1. Compliance Server
Tool built by merging the questionnaire utilized to identify customer risk profile with risk management algorithms, in order to evaluate portfolios composed by a large variety of security instruments. Our module allows to interact with core banking system, without any limitation on operations. Since it assures very high performance, it can execute real-time controls on orders and trades. We also have available calculation engines for batch analysis of all customer portfolios. The module is compliant with all controls required by MiFID regulations, from European Central Bank
2. Questionnaire to identify customer risk propensity
Questionnaire module allows to profile customer through usage of a Wizard composed by a configurable set of questions & answers. Questionnaire is a typical tool to evaluate customer risk level. It can identify a risk propensity level by induction, via assignment of a predefined score to each answer. The final result of questionnaire can be an “acceptable risk level” or a “set of benchmark portfolios” (all having similar risk level). During set-up and configuration phase, our consultants can offer customization services for the composition of the questionnaire: questions, answers, scores and weights, number of profiles or benchmark (model) portfolios.
3. Risk calculation engine
Our risk calculation engine allow to evaluate, in real-time, overall risk level of any customer portfolio. To obtain the most accurate calculation, system is usually updated every day, with detailed portfolio positions from all Investment Company operational systems. Risk level is calculated in terms of portfolio volatility and VaR (Value at Risk).
Risk calculation engine can be utilized by on-line calls for real-time monitoring or batch evaluation of the entire set of portfolios, both for the verification of the adequacy of the individual transaction, or the adequacy of the entire portfolio position.

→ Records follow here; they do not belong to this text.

(* Let $\mathcal{D}$ be a clocked basic action theory and $K\in\mathbb{N}$ at least as large as every natural-number constant mentioned in $\mathcal{D}$. Then the time-abstract transition system $\mathcal{T}_{\mathcal{D}}$ has finitely many states.
   Context: Situation calculus setting: sorts action, situation, object and time (the real numbers); $S_0$ initial situation; $\mathit{do}(a,s)$ the successor situation; $\mathcal{S}$ is the set of ground situations. Fluents are relation or function symbols with last argument a situation and other arguments objects; finitely many fluents, finitely many action types, finite set $\mathcal{O}$ of object constants (unique names, domain closure). A formula is uniform in $s$ if it mentions no situation term other than $s$ and does not mention $\mathit{Poss}$. A BAT is $\mathcal{D} = \mathcal{D}_0 \cup \mathcal{D}_{poss} \cup \mathcal{D}_{ssa} \cup \mathcal{D}_{ca} \cup \mathcal{D}_{co} \cup \Sigma$ (initial description uniform in $S_0$ with complete information, precondition axioms, successor state axioms, domain closure and unique name axioms for actions and objects, foundational axioms including the ordering $\sqsubset$). $\mathit{Exec}(s)$ abbreviates $\forall a,s'(\mathit{do}(a,s')\sqsubseteq s\supset\mathit{Poss}(a,s'))$. Clock comparison: $f(\vec x,s)\bowtie v$ or $v\bowtie v'$ ($f$ functional fluent, $v,v'\in\mathbb{N}$, $\bowtie\in\{<,\leq,=,\geq,>\}$). Clocked formula: every atomic subformula mentioning a time term is a clock comparison; time-independent: no time term. A BAT is clocked if there is a distinguished action type $\mathit{wait}(t)$ (others have no time argument) and: functional fluents take time values and are $0$ at $S_0$; each functional fluent has successor state axiom $f(\vec o,\mathit{do}(a,s))=y \equiv \exists t\,(a=\mathit{wait}(t)\wedge y=f(\vec o,s)+t) \vee (\neg\exists t\, a=\mathit{wait}(t)) \wedge (\phi_f(\vec o,a,s)\wedge y=0 \vee \neg\phi_f(\vec o,a,s)\wedge y=f(\vec o,s))$ with $\phi_f$ time-independent, uniform in $s$; relational successor state axioms and precondition axioms have clocked right-hand sides uniform in $s$; $\mathit{Poss}(\mathit{wait}(t),s)\equiv\top$. Functional fluents are clocks; $\mathcal{C}$ the ground situation-suppressed clock terms; $\nu_\sigma(\omega)=\tau$ iff $\mathcal{D}\models\omega[\sigma]=\tau$. For $u,v\geq0$: $u\sim_K v$ iff both $>K$, or both $\leq K$ with equal floors and equal ceilings; $\mathrm{fract}(v)=v-\lfloor v\rfloor$ if $v\leq K$, else $0$. $\sigma_1\approx_{\mathcal{D}K}\sigma_2$ iff (1) they entail the same ground relational fluent atoms, and (2) $\nu_{\sigma_1}(\omega)\sim_K\nu_{\sigma_2}(\omega)$ for all $\omega\in\mathcal{C}$ and $\mathrm{fract}(\nu_{\sigma_1}(\omega))\leq\mathrm{fract}(\nu_{\sigma_1}(\omega'))$ iff $\mathrm{fract}(\nu_{\sigma_2}(\omega))\leq\mathrm{fract}(\nu_{\sigma_2}(\omega'))$ for all $\omega,\omega'\in\mathcal{C}$. $[\sigma]_{\approx_{\mathcal{D}K}}$ is the equivalence class of $\sigma$. The time-abstract transition system $\mathcal{T}_{\mathcal{D}}=(Q,q_0,\rightarrow)$ has states $Q\subseteq\mathcal{S}/\approx_{\mathcal{D}K}$, initial state $q_0=[S_0]_{\approx_{\mathcal{D}K}}$, and transitions $[\sigma]_{\approx_{\mathcal{D}K}}\rightarrow[\sigma']_{\approx_{\mathcal{D}K}}$ whenever $\sigma'=\mathit{do}(\alpha,\sigma)$ for some ground action $\alpha$ and $\mathcal{D}\models\mathit{Exec}(\sigma')$. *)

theory Defs
  imports Complex_Main
begin
(* Let $n\ge2$. The isolated subsemigroups of $\mathcal{I}^{\ast}_n$ are exactly $\mathcal{I}^{\ast}_n$, $\mathcal{S}_n$, $\mathcal{I}^{\ast}_n\setminus\mathcal{S}_n$, and the maximal subgroups $G(e)$ where $e$ is an idempotent of rank $n-1$.
   Context: Let $X=\{1,\dots,n\}$, $X'=\{1',\dots,n'\}$. $\mathcal{I}^{\ast}_n$ is the set of partitions of $X\cup X'$ all of whose blocks meet both $X$ and $X'$, with product: regard $\alpha$ as a partition of $X\cup X''$ and $\beta$ as a partition of $X''\cup X'$ ($X''$ a third copy of $X$), and let $\alpha\beta$ be the partition of $X\cup X'$ induced by the equivalence on $X\cup X''\cup X'$ generated by the blocks of both. Rank = number of blocks. $\mathcal{S}_n$ is the group of units (elements all of whose blocks are $\{x,\pi(x)'\}$ for a permutation $\pi$). $G(e)$ is the $\mathcal{H}$-class of the idempotent $e$. A subsemigroup $T$ of a semigroup $S$ is isolated if for all $a\in S$ and $k\ge1$, $a^k\in T$ implies $a\in T$. *)

theory Defs
  imports "HOL-Library.Disjoint_Sets" "HOL-Combinatorics.Permutations"
begin

text \<open>Points of X \<union> X' \<union> X'' are encoded as pairs (tag, i): tag 0 = X (unprimed),
  tag 1 = X' (primed), tag 2 = X'' (the auxiliary middle copy); i ranges over 1..n.\<close>

type_synonym pt = "nat \<times> nat"
type_synonym dpart = "pt set set"

definition pts :: "nat \<Rightarrow> pt set" where
  "pts n = {0, 1} \<times> {1..n}"

definition dual_sym :: "nat \<Rightarrow> dpart set" where
  "dual_sym n = {P. partition_on (pts n) P \<and>
      (\<forall>B\<in>P. (\<exists>i. (0, i) \<in> B) \<and> (\<exists>i. (1, i) \<in> B))}"
lemma integrable_exp_minus_inner:
  assumes "c > 0"
  shows "integrable lborel (\<lambda>x::'a::euclidean_space. exp (- c * (x \<bullet> x)))"
proof -
  define \<sigma> where "\<sigma> = 1 / sqrt (2 * c)"
  have \<sigma>: "\<sigma> > 0" "\<sigma>\<^sup>2 = 1 / (2 * c)"
    using assms by (simp_all add: \<sigma>_def power_divide)
  have "exp (- c * u\<^sup>2) = sqrt (2 * pi * \<sigma>\<^sup>2) * normal_density 0 \<sigma> u" for u
    unfolding normal_density_def \<sigma>(2) using assms \<sigma>(1) by (simp add: field_simps)
  hence "integrable lborel (\<lambda>u::real. exp (- c * u\<^sup>2))"
    using \<sigma>(1) by simp
  hence fin: "(\<integral>\<^sup>+u. ennreal (exp (- c * u\<^sup>2)) \<partial>lborel) \<noteq> \<infinity>"
    by (rule integrableD(2))
  have "ennreal (exp (- c * (x \<bullet> x))) = (\<Prod>b\<in>Basis. ennreal (exp (- c * (x \<bullet> b)\<^sup>2)))" for x :: 'a
  proof -
    have "- c * (x \<bullet> x) = (\<Sum>b\<in>Basis. - c * (x \<bullet> b)\<^sup>2)"
      by (subst euclidean_inner) (simp add: sum_distrib_left power2_eq_square)
    thus ?thesis by (simp add: exp_sum prod_ennreal)
  qed
  hence "(\<integral>\<^sup>+x. ennreal (exp (- c * (x \<bullet> x))) \<partial>(lborel::'a measure))
      = (\<Prod>b\<in>(Basis::'a set). (\<integral>\<^sup>+u. ennreal (exp (- c * u\<^sup>2)) \<partial>lborel))"
    by (simp only:) (rule nn_integral_lborel_prod, auto)
  also have "\<dots> \<noteq> \<infinity>" using fin by (simp add: power_eq_top_ennreal)
  finally show ?thesis by (intro integrableI_bounded) (auto simp: top.not_eq_extremum)
qed

lemma mv_gauss_density_pos:
  assumes "pos_def_mat A"
  shows "mv_gauss_density A x > 0"
  using pos_def_mat_det_pos[OF assms] by (simp add: mv_gauss_density_def)

lemma mv_gauss_density_minus: "mv_gauss_density A (- x) = mv_gauss_density A x"
proof -
  have "matrix_inv A *v (- x) = - (matrix_inv A *v x)"
    by (simp add: vec_eq_iff matrix_vector_mult_def sum_negf)
  thus ?thesis by (simp add: mv_gauss_density_def)
qed
(* Let $p,l$ be distinct odd primes and let $\Gamma$, $\Gamma_p$, $\ell$, $n(\cdot)$ be as in the context. Let $a=\psi(x)\in\Gamma_p\setminus\{1\}$ with $x\in\tilde\Gamma$, and let $n=n(x)$. The following are equivalent: (a) $p\nmid n$; (b) $\ell(a^2)=2\ell(a)$; (c) $\left(\frac{-n}{p}\right)=1$. Similarly, for $b=\psi(y)\in\Gamma_l\setminus\{1\}$ with $y\in\tilde\Gamma$ and $n=n(y)$, the following are equivalent: $l\nmid n$; $\ell(b^2)=2\ell(b)$; $\left(\frac{-n}{l}\right)=1$.
   Context: Let $p,l$ be distinct odd primes. Let $\mathbb H(\mathbb Z)$ be the ring of quaternions $x=x_0+x_1i+x_2j+x_3k$ with $x_0,\dots,x_3\in\mathbb Z$, where $i^2=j^2=k^2=-1$, $ij=-ji=k$; write $|x|^2=x_0^2+x_1^2+x_2^2+x_3^2$. Fix $c_p,d_p\in\mathbb Q_p$ with $c_p^2+d_p^2+1=0$ and $c_l,d_l\in\mathbb Q_l$ with $c_l^2+d_l^2+1=0$. Define $\psi:\mathbb H(\mathbb Z)\setminus\{0\}\to G:=PGL_2(\mathbb Q_p)\times PGL_2(\mathbb Q_l)$ by sending $x$ to the class of the pair $\left(\begin{pmatrix} x_0+x_1c_p+x_3d_p & -x_1d_p+x_2+x_3c_p\\ -x_1d_p-x_2+x_3c_p & x_0-x_1c_p-x_3d_p\end{pmatrix},\begin{pmatrix} x_0+x_1c_l+x_3d_l & -x_1d_l+x_2+x_3c_l\\ -x_1d_l-x_2+x_3c_l & x_0-x_1c_l-x_3d_l\end{pmatrix}\right)$. Let $\tilde\Gamma$ be the set of $x\in\mathbb H(\mathbb Z)$ such that $|x|^2=p^rl^s$ for some integers $r,s\ge 0$, and such that $x_0$ is odd and $x_1,x_2,x_3$ are even if $|x|^2\equiv 1\pmod 4$, while $x_1$ is even and $x_0,x_2,x_3$ are odd if $|x|^2\equiv 3\pmod 4$. Then $\Gamma=\psi(\tilde\Gamma)$ is a torsion-free lattice in $G$. Let $\tilde A=\{x\in\tilde\Gamma: x_0>0,\ |x|^2=p\}$, $\tilde B=\{y\in\tilde\Gamma: y_0>0,\ |y|^2=l\}$; $\Gamma_p=\langle\psi(\tilde A)\rangle$ and $\Gamma_l=\langle\psi(\tilde B)\rangle$ are free, and $\psi(\tilde A)\cup\psi(\tilde B)$ generates $\Gamma$. For $\gamma\in\Gamma$, $\ell(\gamma)$ is the word length of $\gamma$ with respect to the generating set $\psi(\tilde A)\cup\psi(\tilde B)$. Any $x\in\tilde\Gamma$ with $\psi(x)\ne 1$ can be written $x=x_0+z_0(c_1i+c_2j+c_3k)$ with $z_0\in\mathbb Z\setminus\{0\}$ and $c_1,c_2,c_3\in\mathbb Z$ relatively prime; set $n(x)=c_1^2+c_2^2+c_3^2$. For a prime $q$, $\left(\frac{m}{q}\right)$ is the Legendre symbol (equal to $0$ if $q\mid m$). *)

theory Defs
  imports "HOL-Analysis.Analysis" "HOL-Number_Theory.Number_Theory"
begin

text \<open>Integer quaternions x = x0 + x1 i + x2 j + x3 k, represented by (x0,x1,x2,x3).\<close>
type_synonym quat = "int \<times> int \<times> int \<times> int"

definition qnorm :: "quat \<Rightarrow> int" where
  "qnorm x = (case x of (x0,x1,x2,x3) \<Rightarrow> x0^2 + x1^2 + x2^2 + x3^2)"

definition qre :: "quat \<Rightarrow> int" where
  "qre x = (case x of (x0,x1,x2,x3) \<Rightarrow> x0)"

definition in_Gamma_tilde :: "nat \<Rightarrow> nat \<Rightarrow> quat \<Rightarrow> bool" where
  "in_Gamma_tilde p l x \<longleftrightarrow>
     (case x of (x0,x1,x2,x3) \<Rightarrow>
        (\<exists>r s. qnorm x = int (p ^ r * l ^ s)) \<and>
        (qnorm x mod 4 = 1 \<longrightarrow> odd x0 \<and> even x1 \<and> even x2 \<and> even x3) \<and>
        (qnorm x mod 4 = 3 \<longrightarrow> even x1 \<and> odd x0 \<and> odd x2 \<and> odd x3))"

definition A_tilde :: "nat \<Rightarrow> nat \<Rightarrow> quat set" where
  "A_tilde p l = {x. in_Gamma_tilde p l x \<and> qre x > 0 \<and> qnorm x = int p}"

definition B_tilde :: "nat \<Rightarrow> nat \<Rightarrow> quat set" where
  "B_tilde p l = {y. in_Gamma_tilde p l y \<and> qre y > 0 \<and> qnorm y = int l}"

definition nval :: "quat \<Rightarrow> int" where
  "nval x = (case x of (x0,x1,x2,x3) \<Rightarrow>
     (THE m. \<exists>z0 c1 c2 c3. z0 \<noteq> 0 \<and> gcd (gcd c1 c2) c3 = 1 \<and>
        x1 = z0 * c1 \<and> x2 = z0 * c2 \<and> x3 = z0 * c3 \<and> m = c1^2 + c2^2 + c3^2))"

text \<open>The matrix component of psi over a field containing c,d with c^2+d^2+1=0.\<close>
definition psi_mat :: "'a::field \<Rightarrow> 'a \<Rightarrow> quat \<Rightarrow> 'a^2^2" where
  "psi_mat c d x = (case x of (x0,x1,x2,x3) \<Rightarrow>
     vector [vector [of_int x0 + of_int x1 * c + of_int x3 * d,
                     - of_int x1 * d + of_int x2 + of_int x3 * c],
             vector [- of_int x1 * d - of_int x2 + of_int x3 * c,
                     of_int x0 - of_int x1 * c - of_int x3 * d]])"

text \<open>Representatives of elements of G = PGL2(K1) x PGL2(K2): pairs of matrices.\<close>
definition psi :: "'a::field \<Rightarrow> 'a \<Rightarrow> 'b::field \<Rightarrow> 'b \<Rightarrow> quat \<Rightarrow> ('a^2^2) \<times> ('b^2^2)" where
  "psi cp dp cl dl x = (psi_mat cp dp x, psi_mat cl dl x)"

definition gmul :: "('a::field^2^2) \<times> ('b::field^2^2) \<Rightarrow> ('a^2^2) \<times> ('b^2^2) \<Rightarrow> ('a^2^2) \<times> ('b^2^2)" where
  "gmul g h = (fst g ** fst h, snd g ** snd h)"

definition ginv :: "('a::field^2^2) \<times> ('b::field^2^2) \<Rightarrow> ('a^2^2) \<times> ('b^2^2)" where
  "ginv g = (matrix_inv (fst g), matrix_inv (snd g))"

definition gone :: "('a::field^2^2) \<times> ('b::field^2^2)" where
  "gone = (mat 1, mat 1)"

definition pgl_eq :: "'a::field^2^2 \<Rightarrow> 'a^2^2 \<Rightarrow> bool" where
  "pgl_eq A B \<longleftrightarrow> (\<exists>c. c \<noteq> 0 \<and> A = (\<chi> i j. c * B $ i $ j))"

definition G_eq :: "('a::field^2^2) \<times> ('b::field^2^2) \<Rightarrow> ('a^2^2) \<times> ('b^2^2) \<Rightarrow> bool" where
  "G_eq g h \<longleftrightarrow> pgl_eq (fst g) (fst h) \<and> pgl_eq (snd g) (snd h)"

definition word_prod :: "'a::field \<Rightarrow> 'a \<Rightarrow> 'b::field \<Rightarrow> 'b \<Rightarrow> (quat \<times> bool) list
    \<Rightarrow> ('a^2^2) \<times> ('b^2^2)" where
  "word_prod cp dp cl dl ws =
     foldr (\<lambda>(x, b) acc. gmul (if b then ginv (psi cp dp cl dl x) else psi cp dp cl dl x) acc)
       ws gone"

definition in_generated :: "'a::field \<Rightarrow> 'a \<Rightarrow> 'b::field \<Rightarrow> 'b \<Rightarrow> quat set
    \<Rightarrow> ('a^2^2) \<times> ('b^2^2) \<Rightarrow> bool" where
  "in_generated cp dp cl dl S g \<longleftrightarrow>
     (\<exists>ws. set (map fst ws) \<subseteq> S \<and> G_eq (word_prod cp dp cl dl ws) g)"

definition word_length :: "'a::field \<Rightarrow> 'a \<Rightarrow> 'b::field \<Rightarrow> 'b \<Rightarrow> quat set
    \<Rightarrow> ('a^2^2) \<times> ('b^2^2) \<Rightarrow> nat" where
  "word_length cp dp cl dl S g =
     (LEAST k. \<exists>ws. length ws = k \<and> set (map fst ws) \<subseteq> S \<and> G_eq (word_prod cp dp cl dl ws) g)"

end

(*
  Letters of norm q are read as integer quaternions, and a word maps, up to
  scalars, to the product Z of its letters (inverses read as conjugates).  For
  an odd prime q, the product can become divisible by q only through an
  adjacent pair x x^-1: if q divides z u w and N(u) but not u w, the identity
  u t u = tr(u t) u - N(u) conj t forces q | z u, and the parity normalisation
  of the generators makes conj x the only norm-q generator y with q | x y.
  Cancelling such pairs yields a word whose product Z is not divisible by q;
  comparing q-adic valuations of norms shows that its length r is the word
  length.  Hence l(a^2) = 2 l(a) iff q does not divide Z^2.  Writing
  Z = z + g (c1 i + c2 j + c3 k) with gcd (c1, c2, c3) = 1 and n = c1^2 + c2^2 + c3^2,
  we have z^2 + g^2 n = q^r and Z^2 = z^2 - g^2 n + 2 z g (c1 i + c2 j + c3 k).
  So q | Z^2 iff q | n, and otherwise q does not divide g and -n is congruent
  to the nonzero square (z/g)^2 modulo q.
*)
theory Submission
  imports Defs
begin

section \<open>Integer quaternions\<close>

definition qmult :: "quat \<Rightarrow> quat \<Rightarrow> quat" where
  "qmult x y = (case x of (a0,a1,a2,a3) \<Rightarrow> case y of (b0,b1,b2,b3) \<Rightarrow>
     (a0*b0 - a1*b1 - a2*b2 - a3*b3, a0*b1 + a1*b0 + a2*b3 - a3*b2,
      a0*b2 - a1*b3 + a2*b0 + a3*b1, a0*b3 + a1*b2 - a2*b1 + a3*b0))"

definition qconj :: "quat \<Rightarrow> quat" where
  "qconj x = (case x of (a0,a1,a2,a3) \<Rightarrow> (a0,-a1,-a2,-a3))"

definition qscale :: "int \<Rightarrow> quat \<Rightarrow> quat" where
  "qscale k x = (case x of (a0,a1,a2,a3) \<Rightarrow> (k*a0,k*a1,k*a2,k*a3))"

definition qone :: quat where
  "qone = (1,0,0,0)"

definition qdvd :: "int \<Rightarrow> quat \<Rightarrow> bool" where
  "qdvd k x = (case x of (a0,a1,a2,a3) \<Rightarrow> k dvd a0 \<and> k dvd a1 \<and> k dvd a2 \<and> k dvd a3)"

lemma qmult_simp [simp]: "qmult (a0,a1,a2,a3) (b0,b1,b2,b3) =
     (a0*b0 - a1*b1 - a2*b2 - a3*b3, a0*b1 + a1*b0 + a2*b3 - a3*b2,
      a0*b2 - a1*b3 + a2*b0 + a3*b1, a0*b3 + a1*b2 - a2*b1 + a3*b0)"
  by (simp add: qmult_def)

lemma qconj_simp [simp]: "qconj (a0,a1,a2,a3) = (a0,-a1,-a2,-a3)"
  by (simp add: qconj_def)

lemma qscale_simp [simp]: "qscale k (a0,a1,a2,a3) = (k*a0,k*a1,k*a2,k*a3)"
  by (simp add: qscale_def)

lemma qdvd_simp [simp]: "qdvd k (a0,a1,a2,a3) \<longleftrightarrow> k dvd a0 \<and> k dvd a1 \<and> k dvd a2 \<and> k dvd a3"
  by (simp add: qdvd_def)

lemma qnorm_simp [simp]: "qnorm (a0,a1,a2,a3) = a0^2 + a1^2 + a2^2 + a3^2"
  by (simp add: qnorm_def)

lemma qre_simp [simp]: "qre (a0,a1,a2,a3) = a0"
  by (simp add: qre_def)

lemma qmult_assoc: "qmult (qmult x y) z = qmult x (qmult y z)"
  by (cases x rule: prod_cases4; cases y rule: prod_cases4; cases z rule: prod_cases4)
     (simp add: algebra_simps)

lemma qmult_qone_left [simp]: "qmult qone x = x"
  by (cases x rule: prod_cases4) (simp add: qone_def)

lemma qmult_qone_right [simp]: "qmult x qone = x"
  by (cases x rule: prod_cases4) (simp add: qone_def)

lemma qnorm_qmult: "qnorm (qmult x y) = qnorm x * qnorm y"
  by (cases x rule: prod_cases4; cases y rule: prod_cases4) (simp add: algebra_simps power2_eq_square)

lemma qnorm_qconj [simp]: "qnorm (qconj x) = qnorm x"
  by (cases x rule: prod_cases4) simp

lemma qnorm_qscale: "qnorm (qscale k x) = k^2 * qnorm x"
  by (cases x rule: prod_cases4) (simp add: algebra_simps power2_eq_square)

lemma qnorm_qone [simp]: "qnorm qone = 1"
  by (simp add: qone_def)

lemma qnorm_eq_0_iff: "qnorm x = 0 \<longleftrightarrow> x = 0"
  by (cases x rule: prod_cases4) (simp add: add_nonneg_eq_0_iff zero_prod_def)

lemma qmult_qconj_right: "qmult x (qconj x) = qscale (qnorm x) qone"
  by (cases x rule: prod_cases4) (simp add: qone_def algebra_simps power2_eq_square)

lemma qmult_qconj_left: "qmult (qconj x) x = qscale (qnorm x) qone"
  by (cases x rule: prod_cases4) (simp add: qone_def algebra_simps power2_eq_square)

lemma qmult_qscale_left: "qmult (qscale k x) y = qscale k (qmult x y)"
  by (cases x rule: prod_cases4; cases y rule: prod_cases4) (simp add: algebra_simps)

lemma qmult_qscale_right: "qmult x (qscale k y) = qscale k (qmult x y)"
  by (cases x rule: prod_cases4; cases y rule: prod_cases4) (simp add: algebra_simps)

lemma qscale_qscale: "qscale a (qscale b x) = qscale (a * b) x"
  by (cases x rule: prod_cases4) (simp add: algebra_simps)

lemma qscale_1 [simp]: "qscale 1 x = x"
  by (cases x rule: prod_cases4) simp

lemma qscale_cancel: "k \<noteq> 0 \<Longrightarrow> qscale k x = qscale k y \<longleftrightarrow> x = y"
  by (cases x rule: prod_cases4; cases y rule: prod_cases4) simp

lemma qmult_diff_right: "qmult z (x - y) = qmult z x - qmult z y"
  by (cases x rule: prod_cases4; cases y rule: prod_cases4; cases z rule: prod_cases4)
     (simp add: algebra_simps)

lemma qdvd_qmult_left: "qdvd k x \<Longrightarrow> qdvd k (qmult x y)"
  by (cases x rule: prod_cases4; cases y rule: prod_cases4) auto

lemma qdvd_qscale: "qdvd k (qscale k x)"
  by (cases x rule: prod_cases4) auto

lemma qdvdE:
  assumes "qdvd k x"
  obtains y where "x = qscale k y"
proof -
  obtain a0 a1 a2 a3 where x: "x = (a0,a1,a2,a3)" by (cases x rule: prod_cases4)
  with assms obtain b0 b1 b2 b3 where "a0 = k*b0" "a1 = k*b1" "a2 = k*b2" "a3 = k*b3"
    by (auto elim!: dvdE)
  with x have "x = qscale k (b0,b1,b2,b3)" by simp
  then show thesis by (rule that)
qed
theorem lemma2p5:
  fixes G :: "int \<Rightarrow> 'a::real_algebra_1 set" and d :: "'a \<Rightarrow> 'a"
    and p :: int and q :: "nat \<Rightarrow> int" and n :: nat
    and a a' :: 'a and b b' :: "nat \<Rightarrow> 'a"
  assumes "dga G d"
    and "a \<in> G p" and "even p" and "d a = 0"
    and "\<forall>i\<in>{1..n}. b i \<in> G (q i) \<and> d (b i) = 0 \<and> exact d (a * b i)"
    and "a' \<in> G p" and "d a' = 0" and "hclass d a' = hclass d a"
    and "\<forall>i\<in>{1..n}. b' i \<in> G (q i) \<and> d (b' i) = 0 \<and> hclass d (b' i) = hclass d (b i)"
  shows "(\<forall>i\<in>{1..n}. exact d (a' * b' i)) \<and> massey G d p a' q b' n = massey G d p a q b n"
proof -
  interpret real_dga G d
    using assms(1) by (rule real_dgaI)
  obtain \<alpha> where \<alpha>: "\<alpha> \<in> G (p - 1)" "d \<alpha> = a' - a"
    using cohomologous_homogeneous_primitive[OF assms(6,2,8)] by blast
  obtain \<beta> where \<beta>: "\<forall>i\<in>{1..n}. \<beta> i \<in> G (q i - 1) \<and> d (\<beta> i) = b' i - b i"
    using cohomologous_families_homogeneous_primitives[of "{1..n}" b' q b] assms(5,9) by auto
  have "\<forall>i\<in>{1..n}. exact d (a' * b' i)"
  proof
    fix i
    assume "i \<in> {1..n}"
    then show "exact d (a' * b' i)"
      using assms(5,9) \<beta> by (intro exact_mult_shift[OF assms(2-4) \<alpha>, of "b' i" "\<beta> i" "b i"]) auto
  qed
  moreover have "massey G d p a' q b' n = massey G d p a q b' n"
    using assms(3,9) \<alpha> by (intro massey_eq_shift_a) auto
  moreover have "massey G d p a q b' n = massey G d p a q b n"
    using assms(2-4) \<beta> by (rule massey_eq_shift_b)
  ultimately show ?thesis
    by simp
qed

end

Our calculation model has been implemented in conjunction with primary consultancy firms and has been certified by several Investment Companies and Banks. It guarantees total coverage of any listed financial instrument, thanks to price feed integration with all leading Information Providers. Our calculation model includes variance & covariance matrixes and allows to store for each individual instrument:
- duration
- rating
- industry sector
- asset class
- currency
These indicators are utilized to calculate VaR and can be also used (in accordance with selected Information Provider) in the module for financial advisors (Financial Planning).
Our models also insures coverage of any captive (internally created) financial instrument (cash deposits, certificates, managed portfolio, index or equity linked bonds or insurance policies), as long as the Investment Company takes care to provide similar indicators.
We can offer service to support new bond issuing by Investment Company: based on the official informational prospectus, plus other information delivered by Company, our consultants propose optimized de-composition model into appropriate asset classes and prime elements, that constitute building blocks of full risk evaluation.
At last, our consultants can extend standard variance / covariance matrix, with additional risk factors, in order to enhance calculation engine accuracy. It is possible to extend the matrix without any restriction, as it is also possible to reduce it, by merging individual risk factors into more generic ones.
To enhance performance, out VaR engine can produce a “marginal VaR” (contribution of an individual security to the total portfolio VaR).
4. Additional controls
Optionally, risk engine can operate additional controls, necessary to fulfill the full spectrum of verifications required by the regulatory bodies:
- frequency of transactions;
- quality and quantity of exposure to individual issuers;
- complexity of the structured products.
5. Adequacy service
Using all the components described in this section, this service allows the Investment Company to verify under all perspectives required by regulators the adequacy of an individual trade, or a basket of trades aimed at rebalancing an entire portfolio. This service must be called by the operational systems, before executing a trade.
In similar manner, this service can be used in “what-if” analysis scenario, to validate the appropriateness of a commercial strategy. The service will receive “as input” a set of transactions to be executed upon a customer portfolio, and provides as output:
- warning messages with explanations on WHY customer portfolio becomes “non compliant”
- informational messages with explanations on new indicators for portfolio compliancy (new volatility, new VaR, etc), should the transactions be confirmed.
Each end-of-day, system needs to be totally realigned with customer portfolio positions as re-calculated by operational systems.
6. Integration with Information Providers
At each end-of-day, our risk engine is expecting to receive a flow with historical and daily prices and basic indicators (coupon rates, etc.), to be used to pre-calculate matrices of risk indicators for all financial instruments.